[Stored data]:

+ + + +

lemma derivable_at:
  assumes x: "x \<in> tuples witnesses n" and rs: "set rs \<subseteq> car L n" and ss: "set ss \<subseteq> car L n"
    and le: "le L n (meets L n ((!) rs) (length rs)) (joins L n ((!) ss) (length ss))"
  shows "derivable (map (\<lambda>r. (n, x, r)) rs) (map (\<lambda>r. (n, x, r)) ss)"
proof -
  define w where "w = remdups x"
  have w: "distinct w" "set w = set x" "set w \<subseteq> witnesses" and "length x = n"
    using x by (auto simp: w_def tuples_def)
  hence \<beta>: "locate w x \<in> substs n (length w)" using locate_substs[of w x] by simp
  have "conj_interp w (map (\<lambda>r. (n, x, r)) rs)
      = sb L n (length w) (locate w x) (meets L n ((!) rs) (length rs))"
    unfolding conj_interp_def using rs
    by (subst sb_meets[OF \<beta>]) (auto intro!: meets_cong simp: interp_def)
  moreover have "disj_interp w (map (\<lambda>r. (n, x, r)) ss)
      = sb L n (length w) (locate w x) (joins L n ((!) ss) (length ss))"
    unfolding disj_interp_def using ss
    by (subst sb_joins[OF \<beta>]) (auto intro!: joins_cong simp: interp_def)
  moreover have "meets L n ((!) rs) (length rs) \<in> car L n" "joins L n ((!) ss) (length ss) \<in> car L n"
    using rs ss by (auto intro!: meets_car joins_car)
  moreover have "fits w (map (\<lambda>r. (n, x, r)) rs @ map (\<lambda>r. (n, x, r)) ss)"
    using w x rs ss by (auto simp: fits_def atoms_def)
  ultimately have "derivable_in w (map (\<lambda>r. (n, x, r)) rs) (map (\<lambda>r. (n, x, r)) ss)"
    using sb_le[OF \<beta> _ _ le] w by (simp add: derivable_in_def)
  thus ?thesis by (auto simp: derivable_def)
qed

lemma derivable_at_le:
  "\<lbrakk>x \<in> tuples witnesses n; r \<in> car L n; s \<in> car L n; le L n r s\<rbrakk> \<Longrightarrow> derivable [(n, x, r)] [(n, x, s)]"
  using derivable_at[of x n "[r]" "[s]"] by (simp add: one_mt zer_jn)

+ + + +

The answer must be the number of lines in the records where the string "unfolding" is found, stated alone.

2